ISO 9001 Clause 7.5
This clause requires the organisation to ensure that documented information is included in the quality management system that is required by the standard, and any information required to ensure the effectiveness of the quality management system.
What Does ISO 9001 Clause 7.5 Require?
Clause 7.5 of ISO 9001:2015 covers the management of documented information across three sub-clauses. Clause 7.5.1 sets out what documented information the QMS must include. Clause 7.5.2 covers what must be in place when creating or updating documents. Clause 7.5.3 covers how documented information must be controlled.
It is worth noting that ISO 9001:2015 uses the term "documented information" rather than the older terms "documents" and "records" used in previous versions. The standard distinguishes between documented information that is maintained (procedures, policies, manuals - documents) and documented information that is retained (completed forms, records, evidence).
Clause 7.5.1 - What the QMS Must Include
The QMS must include documented information required by the standard, and documented information that the organisation has determined is necessary for the QMS to operate effectively. The volume of documented information will vary depending on the size and complexity of the organisation, the nature of its processes, and the competence of its people - a small, experienced team delivering a simple service will need less documentation than a large manufacturer with complex processes.
Clause 7.5.2 - Creating and Updating Documents
When creating or updating documented information, the organisation must ensure it is appropriately identified and described (title, date, author, reference number or version), that the format and media are appropriate, and that it has been reviewed and approved for suitability. In practice this means documents should be version-controlled, have an issue date, and carry some indication of who approved them.
Clause 7.5.3 - Controlling Documented Information
Documented information must be available and suitable for use when needed, and adequately protected from loss of confidentiality, improper use or loss of integrity. The organisation must address how documents are distributed, accessed and used; how they are stored and preserved; how changes are controlled; and how long documents are retained and how they are disposed of when no longer needed.
Externally sourced documented information - supplier specifications, regulatory requirements, customer drawings - that is necessary for QMS planning and operation must also be identified and controlled.
When I'm auditing against Clause 7.5, I look at individual documents to see whether basic document control has been applied - is there a version number, a date, an indication of who approved it? I'll also check the document register to see whether the organisation has a clear picture of what documents exist and where they are held. Records are the other side of this - I need to see that completed forms, inspection records, audit reports and similar are being retained and are accessible. A document register combined with clear document control fields on the documents themselves covers most of what is needed.
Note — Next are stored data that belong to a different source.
(* Consider the two-route traffic model described in the context, under assumptions (A1)–(A6). Then the system is monotone: if $x_0,y_0\in\Omega$ satisfy $x_0\le y_0$ componentwise, then the corresponding solutions satisfy $x(t;x_0)\le x(t;y_0)$ componentwise for all $t\ge0$.
   Context: Two routes $i=1,2$ connect an origin to a destination. For each route there are positive parameters $B_i$, $C_i$, $F_i$ with $C_i<B_i$; the demand is a constant $\phi>0$. Set $v_i=F_i/C_i$ and $E_i=v_iB_i$. The state $x=(x_1,x_2)\in\Omega:=[0,B_1]\times[0,B_2]$ evolves by $\dot x_i=\min\{\phi R_i(x),S_i(x_i)\}-D_i(x_i)$, $i=1,2$, with $S_i(x_i)=F_i$ if $x_i<C_i$, $S_i(x_i)=\frac{F_i}{B_i-C_i}(B_i-x_i)$ otherwise; $D_i(x_i)=v_ix_i$ if $x_i<C_i$, $D_i(x_i)=F_i$ otherwise. Routing ratios: $R_i(x)=(1-\alpha)r_i^0+\alpha\, r_i(\tau(x))$, with $\alpha\in(0,1]$, $r_1^0,r_2^0\ge0$, $r_1^0+r_2^0=1$, $\tau(x)=(\tau_1(x_1),\tau_2(x_2))$, each $\tau_i$ $C^1$ and strictly increasing, $0\le r_i(\tau(x))\le1$, $r_1(\tau(x))+r_2(\tau(x))=1$ on $\Omega$, $x\mapsto r_i(\tau(x))$ globally Lipschitz and $C^1$ on $\Omega$. Assumptions: (A1) $\phi<F_1+F_2$; (A2)–(A3) as just listed; (A4) $\partial R_i/\partial\tau_j>0$ for $i\ne j$; (A5) $F_i>(1-\alpha)\phi r_i^0$; (A6) $\phi<E_i$, $i=1,2$. *)

theory Defs
  imports "HOL-Analysis.Analysis"
begin

definition supply_fn :: "real \<Rightarrow> real \<Rightarrow> real \<Rightarrow> real \<Rightarrow> real" where
  "supply_fn B C F x = (if x < C then F else F / (B - C) * (B - x))"

text \<open>Demand function D_i of a route, with v = F / C.\<close>
definition demand_fn :: "real \<Rightarrow> real \<Rightarrow> real \<Rightarrow> real" where
  "demand_fn C F x = (if x < C then (F / C) * x else F)"

definition Omega :: "real \<Rightarrow> real \<Rightarrow> (real \<times> real) set" where
  "Omega B1 B2 = {0..B1} \<times> {0..B2}"

definition routing ::
  "real \<Rightarrow> real \<Rightarrow> (real \<Rightarrow> real \<Rightarrow> real) \<Rightarrow> (real \<Rightarrow> real) \<Rightarrow> (real \<Rightarrow> real)
     \<Rightarrow> real \<times> real \<Rightarrow> real" where
  "routing \<alpha> r0 r \<tau>1 \<tau>2 x = (1 - \<alpha>) * r0 + \<alpha> * r (\<tau>1 (fst x)) (\<tau>2 (snd x))"

definition traffic_field ::
  "real \<Rightarrow> real \<Rightarrow> real \<Rightarrow> real \<Rightarrow> real \<Rightarrow> real \<Rightarrow> real \<Rightarrow> real \<Rightarrow> real \<Rightarrow> real
   \<Rightarrow> (real \<Rightarrow> real \<Rightarrow> real) \<Rightarrow> (real \<Rightarrow> real \<Rightarrow> real) \<Rightarrow> (real \<Rightarrow> real) \<Rightarrow> (real \<Rightarrow> real)
   \<Rightarrow> real \<times> real \<Rightarrow> real \<times> real" where
  "traffic_field B1 C1 F1 B2 C2 F2 \<phi> \<alpha> r01 r02 r1 r2 \<tau>1 \<tau>2 x =
     (min (\<phi> * routing \<alpha> r01 r1 \<tau>1 \<tau>2 x) (supply_fn B1 C1 F1 (fst x)) - demand_fn C1 F1 (fst x),
      min (\<phi> * routing \<alpha> r02 r2 \<tau>1 \<tau>2 x) (supply_fn B2 C2 F2 (snd x)) - demand_fn C2 F2 (snd x))"

definition C1_on :: "('a::real_normed_vector) set \<Rightarrow> ('a \<Rightarrow> 'b::real_normed_vector) \<Rightarrow> bool" where
  "C1_on S g \<longleftrightarrow> (\<exists>g'. (\<forall>x\<in>S. (g has_derivative blinfun_apply (g' x)) (at x within S))
                        \<and> continuous_on S g')"

definition is_solution ::
  "(real \<times> real \<Rightarrow> real \<times> real) \<Rightarrow> (real \<times> real) set \<Rightarrow> real \<times> real \<Rightarrow> (real \<Rightarrow> real \<times> real) \<Rightarrow> bool" where
  "is_solution f S x0 x \<longleftrightarrow> x 0 = x0 \<and>
     (\<forall>t\<ge>0. x t \<in> S \<and> (x has_vector_derivative f (x t)) (at t within {0..}))"

end

theory Submission
  imports Defs
begin

text \<open>The vector field is quasi-monotone (cooperative): raising the density on one route
  can only raise the routing ratio, hence the inflow, of the other route (A4), while a route's
  own supply is nonincreasing and its demand nondecreasing in its own density. With the
  Lipschitz bound on the routing this gives the Kamke condition
  \<open>f\<^sub>i(p) - f\<^sub>i(q) \<le> K (|p\<^sub>1 - q\<^sub>1|\<^sub>+ + |p\<^sub>2 - q\<^sub>2|\<^sub>+)\<close> whenever \<open>p\<^sub>i \<ge> q\<^sub>i\<close>.
  Then both components of \<open>x - y\<close> stay below every barrier \<open>e exp ((2K + 1) t)\<close>: at the first
  time a component touched the barrier its derivative would have to reach the barrier's slope
  \<open>(2K + 1) e exp ((2K + 1) t)\<close>, while the Kamke condition bounds it by \<open>2K e exp ((2K + 1) t)\<close>.\<close>

lemma DERIV_nonneg_at_first_zero:
  fixes h :: "real \<Rightarrow> real"
  assumes "(h has_real_derivative D) (at t)" "h t = 0" "t0 < t"
    and "\<And>s. t0 \<le> s \<Longrightarrow> s < t \<Longrightarrow> h s < 0"
  shows "D \<ge> 0"
proof (rule ccontr)
  assume "\<not> D \<ge> 0"
  then obtain d where "d > 0" and d: "\<And>k. k > 0 \<Longrightarrow> k < d \<Longrightarrow> h t < h (t - k)"
    using DERIV_neg_dec_left[OF assms(1)] by force
  define k where "k = min (d / 2) (t - t0)"
  have "k > 0" "k < d" "t0 \<le> t - k" using \<open>d > 0\<close> assms(3) by (auto simp: k_def)
  with d[of k] assms(4)[of "t - k"] show False by (simp add: assms(2))
qed

lemma first_zero:
  fixes g :: "real \<Rightarrow> real"
  assumes cont: "continuous_on {a..b} g" and "g a < 0" "0 \<le> g b" "a \<le> b"
  obtains t where "a < t" "t \<le> b" "g t = 0" "\<And>s. a \<le> s \<Longrightarrow> s < t \<Longrightarrow> g s < 0"
proof -
  define Z where "Z = {s \<in> {a..b}. g s = 0}"
  have zero_in_Z: "\<exists>z\<in>Z. z \<le> c" if c: "a \<le> c" "c \<le> b" "0 \<le> g c" for c
  proof -
    have "continuous_on {a..c} g" using cont c by (auto intro: continuous_on_subset)
    then obtain z where "a \<le> z" "z \<le> c" "g z = 0"
      using IVT'[of g a 0 c] \<open>g a < 0\<close> c by auto
    then show ?thesis using c by (auto simp: Z_def)
  qed
  have "closed Z"
    unfolding Z_def by (rule continuous_closed_preimage_constant[OF cont]) simp
  moreover have "Z \<noteq> {}" using zero_in_Z[of b] assms by auto
  moreover have bdd: "bdd_below Z" by (auto simp: Z_def bdd_below_def)
  ultimately have "Inf Z \<in> Z" by (intro closed_contains_Inf)
  moreover have "g s < 0" if "a \<le> s" "s < Inf Z" for s
  proof (rule ccontr)
    assume "\<not> g s < 0"
    then obtain z where "z \<in> Z" "z \<le> s"
      using zero_in_Z[of s] \<open>a \<le> s\<close> \<open>s < Inf Z\<close> \<open>Inf Z \<in> Z\<close> by (auto simp: Z_def)
    then show False using cInf_lower[OF _ bdd, of z] that by simp
  qed
  moreover have "a \<noteq> Inf Z" using \<open>Inf Z \<in> Z\<close> \<open>g a < 0\<close> by (auto simp: Z_def)
  ultimately show ?thesis
    by (intro that[of "Inf Z"]) (auto simp: Z_def)
qed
The key practical step for Clause 7.5 is establishing a document register that lists all controlled documents in the QMS, along with their current version, location and review date. The F-IMS20 Document Register does this well. Beyond the register, applying consistent document control fields to all documents - title, reference, issue number, date, approved by - creates the evidence trail that auditors look for. For electronic document management, access controls and version history features in most file storage systems provide additional evidence of control.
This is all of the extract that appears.